It was three weeks into my first visit to the USA when I first heard the
honking of a car horn. My hosts informed me that honking was considered an
insult to other road users and was rarely resorted to if it was a must. On
roads, lane discipline and speed limits were strictly adhered to. Pedestrians
have the first right of way at intersections. I was struck by the civic discipline
on roads, malls and other public places.
The other aspects of life that strikes first–time visitors are civility
and cultural sensitivity of people. Passing strangers greeted each other with a
cheery ‘Hi’ or a smile or a nod. However, if in England “an Englishman’s home is
his castle”, in the USA, one can live in splendid isolation if one chose to,
within a civilised society.
The axiom “customer is king” is neither an empty slogan nor a cliché.
Sellers, store owners and service providers—all take it seriously as if their
life depended on it. Reputations to adhere to timelines are arduously
protected. Just to give an example, a made–to–order shirt was not delivered on
schedule. It was not the fault of the store but of the courier service. When
complained, the store sent a replacement. A day later the original dispatch
reached me. I called the store to inform that I would pay for it. The store
said it was not necessary; I could keep it. It was in a way a reparation the
store paid for the delay. Supermarkets like Costco accept return of
goods purchased even if they are used a few times.
Fastidious vegetarians like me need have no apprehensions about meat
contamination in made–to–order snacks in wayside Subway or Dunkin’
Donut franchises. The suppliers wear fresh gloves for making each order. I
was informed that all American food outlets and ice-cream parlours throw away
any leftovers when they close for the night.

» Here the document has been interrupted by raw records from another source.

lemma sum_beyond_gpath_end:
  assumes P: "gpath_from A u j P"
  shows "char_entry A x j j * alpha A u x j + (\<Sum>k\<in>{..<n} - set P. char_entry A x j k * alpha A u x k)
    = path_weight A P * det_on (char_entry A x) (insert j ({..<n} - set P))"
proof -
  let ?B = "char_entry A x" and ?R = "{..<n} - set P"
  have "j \<in> set P" using P by (auto simp: gpath_from_def is_gpath_def)
  then have j: "j < n" "j \<in> set P" using P A by (auto simp: gpath_from_def is_gpath_def)
  have step: "?B j k * alpha A u x k = - (path_weight A P * (?B j k * ?B k j * det_on ?B (?R - {k})))"
    if k: "k \<in> ?R" for k
  proof (cases "?B j k = 0")
    case False
    have k': "k < n" "k \<notin> set P" "j \<noteq> k" using k j by auto
    then have "mat_adj A j k" using mat_adj_if_char_entry_nonzero[OF A j(1)] False by blast
    then have "gpath_from A u k (P @ [k])" using gpath_from_snoc[OF P] k' by blast
    moreover have "last P = j" "P \<noteq> []" using P by (auto simp: gpath_from_def is_gpath_def)
    moreover have "{..<n} - set (P @ [k]) = ?R - {k}" by auto
    ultimately have "alpha A u x k = path_weight A P * A $$ (j, k) * det_on ?B (?R - {k})"
      using alpha_gpath path_weight_snoc by metis
    then show ?thesis using char_entry_sym[OF j(1) k'(1)] k' by (simp add: char_entry_def)
  qed simp
  have "det_on ?B (insert j ?R) = ?B j j * det_on ?B ?R
      - (\<Sum>k\<in>?R. ?B j k * ?B k j * det_on ?B (?R - {k}))"
    using det_on_char_entry_expand_vertex[OF A acyc, of "insert j ?R" j x] j
    by (simp add: insert_Diff_if)
  moreover have "(\<Sum>k\<in>?R. ?B j k * alpha A u x k)
      = - (path_weight A P * (\<Sum>k\<in>?R. ?B j k * ?B k j * det_on ?B (?R - {k})))"
    using step by (simp add: sum_negf sum_distrib_left)
  moreover have "alpha A u x j = path_weight A P * det_on ?B ?R" by (rule alpha_gpath[OF P])
  ultimately show ?thesis by (simp only:) (simp add: algebra_simps)
qed

lemma char_row_alpha_eq_0_root:
  assumes "det_on (char_entry A x) {..<n} = 0"
  shows "(\<Sum>k<n. char_entry A x u k * alpha A u x k) = 0"
proof -
  have P: "gpath_from A u u [u]" using gpath_from_single A u by simp
  have "(\<Sum>k<n. char_entry A x u k * alpha A u x k) = char_entry A x u u * alpha A u x u
      + (\<Sum>k\<in>{..<n} - {u}. char_entry A x u k * alpha A u x k)"
    using u by (simp add: sum.remove)
  also have "\<dots> = det_on (char_entry A x) (insert u ({..<n} - {u}))"
    using sum_beyond_gpath_end[OF P] by (simp add: path_weight_def)
  also have "insert u ({..<n} - {u}) = {..<n}" using u by auto
  finally show ?thesis using assms by simp
qed

lemma char_row_alpha_eq_0_reachable:
  assumes j: "j < n" "j \<noteq> u" and r: "reachable A u j"
  shows "(\<Sum>k<n. char_entry A x j k * alpha A u x k) = 0"
proof -
  let ?B = "char_entry A x" and ?a = "alpha A u x" and ?N = "{..<n}"
  obtain P where P: "gpath_from A u j P" using r by (auto simp: reachable_def)
  obtain P' where P': "P = P' @ [j]" "gpath_from A u (last P') P'" "mat_adj A (last P') j"
    using gpath_from_snocE[OF P j(2)] by blast
  define i where "i = last P'"
  have P'_ne: "P' \<noteq> []" using P' by (auto simp: gpath_from_def is_gpath_def)
  then have i: "i \<in> set P'" "j \<notin> set P'" "i \<noteq> j" "i < n"
    using P P' A by (auto simp: i_def gpath_from_def is_gpath_def mat_adj_def)
  have PN: "set P \<subseteq> ?N" using P A by (auto simp: gpath_from_def is_gpath_def)
  have ins: "insert j (?N - set P) = ?N - set P'" using P' i j by auto
  have off_path: "(\<Sum>k\<in>set P' - {i}. ?B j k * ?a k) = 0"
  proof (intro sum.neutral ballI)
    fix k assume k: "k \<in> set P' - {i}"
    have "\<not> mat_adj A j k"
      using acyclic_gpath_end_not_adj[OF acyc] P P' k by (auto simp: i_def gpath_from_def)
    then show "?B j k * ?a k = 0"
      using mat_adj_if_char_entry_nonzero[OF A j(1)] k i PN P' by fastforce
  qed
  have "(\<Sum>k<n. ?B j k * ?a k) = (\<Sum>k\<in>?N - set P. ?B j k * ?a k) + (\<Sum>k\<in>set P. ?B j k * ?a k)"
    using PN by (simp add: sum.subset_diff)
  also have "(\<Sum>k\<in>set P. ?B j k * ?a k) = ?B j j * ?a j + ?B j i * ?a i"
    using P' i off_path by (simp add: sum.remove)
  also have "(\<Sum>k\<in>?N - set P. ?B j k * ?a k) + (?B j j * ?a j + ?B j i * ?a i)
      = path_weight A P * det_on ?B (?N - set P') + ?B j i * ?a i"
    using sum_beyond_gpath_end[OF P, unfolded ins] by linarith
  also have "\<dots> = 0"
    using alpha_gpath[OF P'(2)] path_weight_snoc[OF P'_ne, of A j] char_entry_sym[OF j(1) i(4)]
      P'(1) i(3)
    by (simp add: i_def char_entry_def)
  finally show ?thesis .
qed

lemma char_row_alpha_eq_0_unreachable:
  assumes j: "j < n" and nr: "\<not> reachable A u j"
  shows "(\<Sum>k<n. char_entry A x j k * alpha A u x k) = 0"
proof (intro sum.neutral ballI)
  fix k assume k: "k \<in> {..<n}"
  show "char_entry A x j k * alpha A u x k = 0"
  proof (cases "k \<noteq> j \<and> char_entry A x j k \<noteq> 0")
    case True
    then have "mat_adj A k j"
      using mat_adj_if_char_entry_nonzero[OF A, of k j x] char_entry_sym[of j k] j k by auto
    then have "\<not> reachable A u k" using nr reachable_adj by blast
    then show ?thesis by (simp add: alpha_def)
  qed (use nr in \<open>auto simp: alpha_def\<close>)
qed

end

theorem theorem3p1:
  fixes n :: nat and A :: "real mat" and lam :: real and u :: nat
  assumes "A \<in> carrier_mat n n"
    and "A\<^sup>T = A"
    and "acyclic_mat A"
    and "eigenvalue A lam"
    and "order lam (char_poly A) = 1"
    and "u < n"
    and "phi (del_mat A {u}) lam \<noteq> 0"
  shows "eigenvector A (alpha_vec A u lam) lam"
proof -
  note A = assms(1) and ctx = assms(1-3,6)
  have "det_on (char_entry A lam) {..<n} = 0"
    using assms(4) eigenvalue_root_char_poly[OF A] phi_eq_det_on[OF A] by (simp add: phi_def)
  then have "(\<Sum>k<n. char_entry A lam j k * alpha A u lam k) = 0" if "j < n" for j
    using char_row_alpha_eq_0_root[OF ctx] char_row_alpha_eq_0_reachable[OF ctx that]
      char_row_alpha_eq_0_unreachable[OF ctx that]
    by (cases "j = u") auto
  then have "char_matrix A lam *\<^sub>v alpha_vec A u lam = 0\<^sub>v n"
    by (auto simp: alpha_vec_eq[OF A] char_matrix_mult_vec[OF A])
  moreover have "alpha_vec A u lam \<noteq> 0\<^sub>v n"
  proof
    assume "alpha_vec A u lam = 0\<^sub>v n"
    then have "alpha A u lam u = 0" using assms(6) by (simp add: alpha_vec_eq[OF A] vec_eq_iff)
    then show False using assms(7) alpha_root[OF ctx] by (simp add: phi_del_mat[OF A])
  qed
  ultimately show ?thesis
    by (simp add: eigenvector_char_matrix[OF A] alpha_vec_eq[OF A])
qed

end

An important aspect of American civic life is how people of diverse
cultural backgrounds and ethnicities live in perfect harmony. The weekly house
cleaner who visited my bro–in–law’s place and the plumber were Mexican
immigrants; both were over seventy. A taxi driver whom we engaged to go from Philadelphia
airport to our home in Bear (Delaware) forty miles away was a
Bangladeshi. A convenience store attached to a gasoline station was run by a Sardarji
who was more at ease in Hindi than English. A pest control company engaged to
cleanse bed bugs sent in an African–American technician. The fumigation had to
be done at 1500 F (500C). He did his job without a
whimper; accepted the $50 tip with a grin and left.
Our travels took us to several places in the Bay area in California;
from Dallas through Austin and Houston to Corpus Christi in Texas; and in the
East Coast to places like Virginia, New Jersey, New York, Washington DC and up
to Niagara on the Canadian border. We have seen everywhere White Americans,
Hispanics, African–Americans and Indians—all working in tandem; cordially
interacting with each other and going about their jobs. If there was any
racism we didn’t sense it.
There is a quaint American way for begging too. The beggars don’t waylay
public but silently sit on the sidewalks with a placard stuck out reading “Am
homeless. Please help”.
It is not to say there is no crime. We were told New York subways were
not safe at night when they are taken over by derelicts and drug addicts.

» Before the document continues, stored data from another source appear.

(* The map $\Lambda:\Xi\to\Psi:=\Lambda(\Xi)$ is a bijection, and in terms of $\psi=\Lambda(\Gamma(\theta))$ the log-likelihood of the observed data is $$L(\psi)=\sum_{k=1}^K n_k\log\xi_{S_k}(\psi)+\sum_{i\in E}n_i(1)\,\psi_i ,$$ where $\xi(\psi)=\Lambda^{-1}(\psi)$. Equivalently, in terms of $\xi\in\Xi$, $$L(\xi)=\sum_{i\in E}\Big[n_i(1)\log\frac{1-\xi_i}{1-\prod_{j\in C_i}\xi_j}+n_i(0)\log\xi_i\Big],$$ with the convention that the empty product over $C_i=\emptyset$ equals $0$. Moreover, for non-leaf $i$, $\psi_i=\log P(X_i=1\mid \text{probe at tail of } i,\ X_r=0\ \forall r\in R_i)$.
   Context: Network: a finite set of directed links $E=\{1,\dots,m\}$ between nodes, forming a directed acyclic graph. For a link $i$, $C_i$ is the set of links whose tail is the head of $i$ (child links); $B_i$ is the set of links having the same tail as $i$ (brother links, including $i$ itself); $F_i$ is the set of links whose head is the tail of $i$ (parent links). A link $i$ is a leaf link if $C_i=\emptyset$; $R$ is the set of leaf links, and $R_i$ is the set of leaf links that are descendants of $i$ (including $i$ itself if $i$ is a leaf). The network is covered by $K\ge1$ multicast trees $T_1,\dots,T_K$: $T_k$ has a root link $S_k$ whose tail is a source node with no incoming link ($F_{S_k}=\emptyset$); its link set $E_k$ consists of $S_k$ and all descendants of $S_k$; every link $i\in E_k\setminus\{S_k\}$ has exactly one parent link in $E_k$, denoted $f^{(k)}_i\in F_i\cap E_k$; every link belongs to some $E_k$; each root link $S_k$ belongs only to $E_k$. Write $\mathscr S=\{S_1,\dots,S_K\}$. Loss model: each link $i$ has loss rate $\theta_i$, $\theta\in\Theta=(0,1)^m$. From the source of tree $T_k$, $n_k$ probes are sent. For probe $t$ in tree $k$ and $i\in E_k$, $X^{(k,t)}_i=1$ if the probe reached the head of link $i$ and $0$ otherwise. A probe at the tail of link $i$ (i.e., $i=S_k$, or $X^{(k,t)}_{f^{(k)}_i}=1$) traverses link $i$ with probability $1-\theta_i$, independently across links, probes and trees; a probe not at the tail of $i$ does not reach its head. Only $X^{(k,t)}_r$ for leaf links $r\in R\cap E_k$ are observed; the log-likelihood is the log-probability of the observed data. Internal views: $Y^{(k,t)}_i=\max_{r\in R_i}X^{(k,t)}_r$ for $i\in E_k$; $n_{k,i}(1)=\sum_{t=1}^{n_k}Y^{(k,t)}_i$ for $i\in E_k$ and $0$ for $i\notin E_k$; $n_{k,S_k}(0)=n_k-n_{k,S_k}(1)$, $n_{k,i}(0)=n_{k,f^{(k)}_i}(1)-n_{k,i}(1)$ for $i\in E_k\setminus\{S_k\}$, and $0$ for $i\notin E_k$; $n_i(1)=\sum_k n_{k,i}(1)$, $n_i(0)=\sum_k n_{k,i}(0)$. Parameter systems: $\xi_i(\theta)=\theta_i$ for leaf $i$ and $\xi_i(\theta)=\theta_i+(1-\theta_i)\prod_{j\in C_i}\xi_j(\theta)$ otherwise (recursively from the leaves); $\Gamma(\theta)=(\xi_i(\theta))_i$, $\Xi=\Gamma(\Theta)$, with inverse $\theta_i(\xi)=\xi_i$ for leaf $i$ and $\theta_i(\xi)=(\xi_i-\prod_{j\in C_i}\xi_j)/(1-\prod_{j\in C_i}\xi_j)$ otherwise. For $\xi\in\Xi$ define $\Lambda(\xi)=\psi$ by $\psi_i=\log\frac{1-\theta_i(\xi)}{\xi_i}$ for leaf $i$ and $\psi_i=\log\frac{\xi_i-\theta_i(\xi)}{\xi_i}$ for non-leaf $i$. *)

theory Defs
  imports "HOL-Analysis.Analysis"
begin

text \<open>Network: finite link set E, each link i has a tail node tal i and a head node hed i.\<close>

definition children :: "('l \<Rightarrow> 'v) \<Rightarrow> ('l \<Rightarrow> 'v) \<Rightarrow> 'l set \<Rightarrow> 'l \<Rightarrow> 'l set" where
  "children hed tal E i = {j \<in> E. tal j = hed i}"

definition parents :: "('l \<Rightarrow> 'v) \<Rightarrow> ('l \<Rightarrow> 'v) \<Rightarrow> 'l set \<Rightarrow> 'l \<Rightarrow> 'l set" where
  "parents hed tal E i = {j \<in> E. hed j = tal i}"

definition is_leaf :: "('l \<Rightarrow> 'v) \<Rightarrow> ('l \<Rightarrow> 'v) \<Rightarrow> 'l set \<Rightarrow> 'l \<Rightarrow> bool" where
  "is_leaf hed tal E i \<longleftrightarrow> children hed tal E i = {}"

definition leaves :: "('l \<Rightarrow> 'v) \<Rightarrow> ('l \<Rightarrow> 'v) \<Rightarrow> 'l set \<Rightarrow> 'l set" where
  "leaves hed tal E = {i \<in> E. is_leaf hed tal E i}"

definition child_rel :: "('l \<Rightarrow> 'v) \<Rightarrow> ('l \<Rightarrow> 'v) \<Rightarrow> 'l set \<Rightarrow> ('l \<times> 'l) set" where
  "child_rel hed tal E = {(i, j). i \<in> E \<and> j \<in> E \<and> tal j = hed i}"

definition descendants :: "('l \<Rightarrow> 'v) \<Rightarrow> ('l \<Rightarrow> 'v) \<Rightarrow> 'l set \<Rightarrow> 'l \<Rightarrow> 'l set" where
  "descendants hed tal E i = {j. (i, j) \<in> (child_rel hed tal E)\<^sup>*}"

text \<open>R_i: leaf links that are descendants of i (including i if it is a leaf).\<close>
definition leaf_desc :: "('l \<Rightarrow> 'v) \<Rightarrow> ('l \<Rightarrow> 'v) \<Rightarrow> 'l set \<Rightarrow> 'l \<Rightarrow> 'l set" where
  "leaf_desc hed tal E i = descendants hed tal E i \<inter> leaves hed tal E"

definition tree_parent :: "('l \<Rightarrow> 'v) \<Rightarrow> ('l \<Rightarrow> 'v) \<Rightarrow> 'l set \<Rightarrow> 'l set \<Rightarrow> 'l \<Rightarrow> 'l" where
  "tree_parent hed tal E A j = (THE p. p \<in> parents hed tal E j \<inter> A)"

text \<open>Standing assumptions: a DAG covered by K multicast trees with root links S 1, ..., S K;
  E_k = descendants of S k.\<close>
definition multicast_network ::
  "('l \<Rightarrow> 'v) \<Rightarrow> ('l \<Rightarrow> 'v) \<Rightarrow> 'l set \<Rightarrow> nat \<Rightarrow> (nat \<Rightarrow> 'l) \<Rightarrow> bool" where
  "multicast_network hed tal E K S \<longleftrightarrow>
     finite E \<and>
     acyclic {(tal i, hed i) | i. i \<in> E} \<and>
     K \<ge> 1 \<and>
     (\<forall>k \<in> {1..K}. S k \<in> E \<and> parents hed tal E (S k) = {}) \<and>
     (\<forall>k \<in> {1..K}. \<forall>i \<in> descendants hed tal E (S k) - {S k}.
         \<exists>!p. p \<in> parents hed tal E i \<inter> descendants hed tal E (S k)) \<and>
     (\<forall>i \<in> E. \<exists>k \<in> {1..K}. i \<in> descendants hed tal E (S k)) \<and>
     (\<forall>k \<in> {1..K}. \<forall>l \<in> {1..K}. S k \<in> descendants hed tal E (S l) \<longrightarrow> l = k)"

definition Theta_space :: "'l set \<Rightarrow> ('l \<Rightarrow> real) set" where
  "Theta_space E = E \<rightarrow>\<^sub>E {0<..<1}"

definition Gamma :: "('l \<Rightarrow> 'v) \<Rightarrow> ('l \<Rightarrow> 'v) \<Rightarrow> 'l set \<Rightarrow> ('l \<Rightarrow> real) \<Rightarrow> ('l \<Rightarrow> real)" where
  "Gamma hed tal E \<theta> = (THE g. g \<in> extensional E \<and>
      (\<forall>i \<in> E. g i = (if is_leaf hed tal E i then \<theta> i
                       else \<theta> i + (1 - \<theta> i) * (\<Prod>j \<in> children hed tal E i. g j))))"

definition Xi_space :: "('l \<Rightarrow> 'v) \<Rightarrow> ('l \<Rightarrow> 'v) \<Rightarrow> 'l set \<Rightarrow> ('l \<Rightarrow> real) set" where
  "Xi_space hed tal E = Gamma hed tal E ` Theta_space E"

definition theta_of :: "('l \<Rightarrow> 'v) \<Rightarrow> ('l \<Rightarrow> 'v) \<Rightarrow> 'l set \<Rightarrow> ('l \<Rightarrow> real) \<Rightarrow> 'l \<Rightarrow> real" where
  "theta_of hed tal E \<xi> i = (if is_leaf hed tal E i then \<xi> i
     else (\<xi> i - (\<Prod>j \<in> children hed tal E i. \<xi> j)) / (1 - (\<Prod>j \<in> children hed tal E i. \<xi> j)))"

definition Lambda :: "('l \<Rightarrow> 'v) \<Rightarrow> ('l \<Rightarrow> 'v) \<Rightarrow> 'l set \<Rightarrow> ('l \<Rightarrow> real) \<Rightarrow> ('l \<Rightarrow> real)" where
  "Lambda hed tal E \<xi> = restrict (\<lambda>i. if is_leaf hed tal E i
        then ln ((1 - theta_of hed tal E \<xi> i) / \<xi> i)
        else ln ((\<xi> i - theta_of hed tal E \<xi> i) / \<xi> i)) E"

text \<open>For a link set A forming a tree with root link a, and a set U \<subseteq> A of links
  whose head is reached by the probe (X_i = 1 iff i \<in> U), the probability of this configuration
  given that the probe is at the tail of a: each link whose tail is reached is traversed with
  probability 1 - theta_i independently; a link whose tail is not reached is not traversed.\<close>
definition config_prob ::
  "('l \<Rightarrow> 'v) \<Rightarrow> ('l \<Rightarrow> 'v) \<Rightarrow> 'l set \<Rightarrow> ('l \<Rightarrow> real) \<Rightarrow> 'l set \<Rightarrow> 'l \<Rightarrow> 'l set \<Rightarrow> real" where
  "config_prob hed tal E \<theta> A a U =
     (\<Prod>i \<in> A. if i = a \<or> tree_parent hed tal E A i \<in> U
                then (if i \<in> U then 1 - \<theta> i else \<theta> i)
                else (if i \<in> U then 0 else 1))"

definition tree_prob ::
  "('l \<Rightarrow> 'v) \<Rightarrow> ('l \<Rightarrow> 'v) \<Rightarrow> 'l set \<Rightarrow> ('l \<Rightarrow> real) \<Rightarrow> 'l set \<Rightarrow> 'l \<Rightarrow> ('l set \<Rightarrow> bool) \<Rightarrow> real" where
  "tree_prob hed tal E \<theta> A a P = (\<Sum>U \<in> {U. U \<subseteq> A \<and> P U}. config_prob hed tal E \<theta> A a U)"

text \<open>Log-likelihood of the observed data: obs k t is the set of leaf links of tree k reached by
  probe t (only its intersection with the leaf links of E_k is used); n k probes in tree k.\<close>
definition loglik ::
  "('l \<Rightarrow> 'v) \<Rightarrow> ('l \<Rightarrow> 'v) \<Rightarrow> 'l set \<Rightarrow> nat \<Rightarrow> (nat \<Rightarrow> 'l) \<Rightarrow> (nat \<Rightarrow> nat)
     \<Rightarrow> (nat \<Rightarrow> nat \<Rightarrow> 'l set) \<Rightarrow> ('l \<Rightarrow> real) \<Rightarrow> real" where
  "loglik hed tal E K S n obs \<theta> =
     (\<Sum>k \<in> {1..K}. \<Sum>t \<in> {1..n k}.
        ln (tree_prob hed tal E \<theta> (descendants hed tal E (S k)) (S k)
              (\<lambda>U. U \<inter> leaves hed tal E = obs k t \<inter> leaves hed tal E \<inter> descendants hed tal E (S k))))"

definition cnt1 ::
  "('l \<Rightarrow> 'v) \<Rightarrow> ('l \<Rightarrow> 'v) \<Rightarrow> 'l set \<Rightarrow> nat \<Rightarrow> (nat \<Rightarrow> 'l) \<Rightarrow> (nat \<Rightarrow> nat)
     \<Rightarrow> (nat \<Rightarrow> nat \<Rightarrow> 'l set) \<Rightarrow> nat \<Rightarrow> 'l \<Rightarrow> real" where
  "cnt1 hed tal E K S n obs k i =
     (if k \<in> {1..K} \<and> i \<in> descendants hed tal E (S k)
      then real (card {t \<in> {1..n k}. leaf_desc hed tal E i \<inter> obs k t \<noteq> {}})
      else 0)"

definition cnt0 ::
  "('l \<Rightarrow> 'v) \<Rightarrow> ('l \<Rightarrow> 'v) \<Rightarrow> 'l set \<Rightarrow> nat \<Rightarrow> (nat \<Rightarrow> 'l) \<Rightarrow> (nat \<Rightarrow> nat)
     \<Rightarrow> (nat \<Rightarrow> nat \<Rightarrow> 'l set) \<Rightarrow> nat \<Rightarrow> 'l \<Rightarrow> real" where
  "cnt0 hed tal E K S n obs k i =
     (if k \<in> {1..K} \<and> i = S k then real (n k) - cnt1 hed tal E K S n obs k i
      else if k \<in> {1..K} \<and> i \<in> descendants hed tal E (S k)
      then cnt1 hed tal E K S n obs k (tree_parent hed tal E (descendants hed tal E (S k)) i)
           - cnt1 hed tal E K S n obs k i
      else 0)"

definition N1 ::
  "('l \<Rightarrow> 'v) \<Rightarrow> ('l \<Rightarrow> 'v) \<Rightarrow> 'l set \<Rightarrow> nat \<Rightarrow> (nat \<Rightarrow> 'l) \<Rightarrow> (nat \<Rightarrow> nat)
     \<Rightarrow> (nat \<Rightarrow> nat \<Rightarrow> 'l set) \<Rightarrow> 'l \<Rightarrow> real" where
  "N1 hed tal E K S n obs i = (\<Sum>k \<in> {1..K}. cnt1 hed tal E K S n obs k i)"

From what we saw and heard the law enforcement officers were even–handed
and did not discriminate between one ethnicity and another. If there were any
exceptions, it was because the police knew in advance the person sought to be
detained had or suspected to have had a history of crime.
We did have brushes with the law enforcement officers twice and on both
occasions the officers were polite and sought to resolve issues with palpable
empathy. The first time we had a problem was with the immigration authorities
in San Francisco. I could not fill in the “Address of Local Residence” column in
the immigration form as I did not know it. I explained to the officer that my
daughter was coming to the airport to pick me up. He said that that was not
enough. They could not allow an immigrant who “did not have a place of stay”, to
enter the United States. We did not know what to do. Finally he relented and
said as it was our first visit he was allowing us; stamped our passports and
warmly welcomed us.
The second incident took place in Bear, Delaware. Wanting to call
India I dialed +91 without prefixing it with the ISD code 011. Even though it
was not exactly a correct dial, the system “automatically corrected” it—to
discomfit me as it turned out—and dialed the US emergency code 911. There was
an answer from the other side before I could disconnect the call. No matter.
The system took over. In a few minutes two carloads of hefty policemen with wireless
sets and guns hanging from their belts descended on the house. When I answered
the bell the lead officer politely asked me whether I dialed 911. I said I did.
With an apology I explained that I was trying to call India and instead of the
code +91 must have dialed 911 by mistake. He asked me if I was sure everything
was okay. I assured him that there was no problem. He accepted the apology and
explanation; said it was okay and went away.
I visited the USA twice, in 2017 and 2019. In the time I was there I
hadn’t seen a hint of racism—unless the whole nation was pretending. What
happened then in the last couple of weeks? Why is the whole nation on the boil?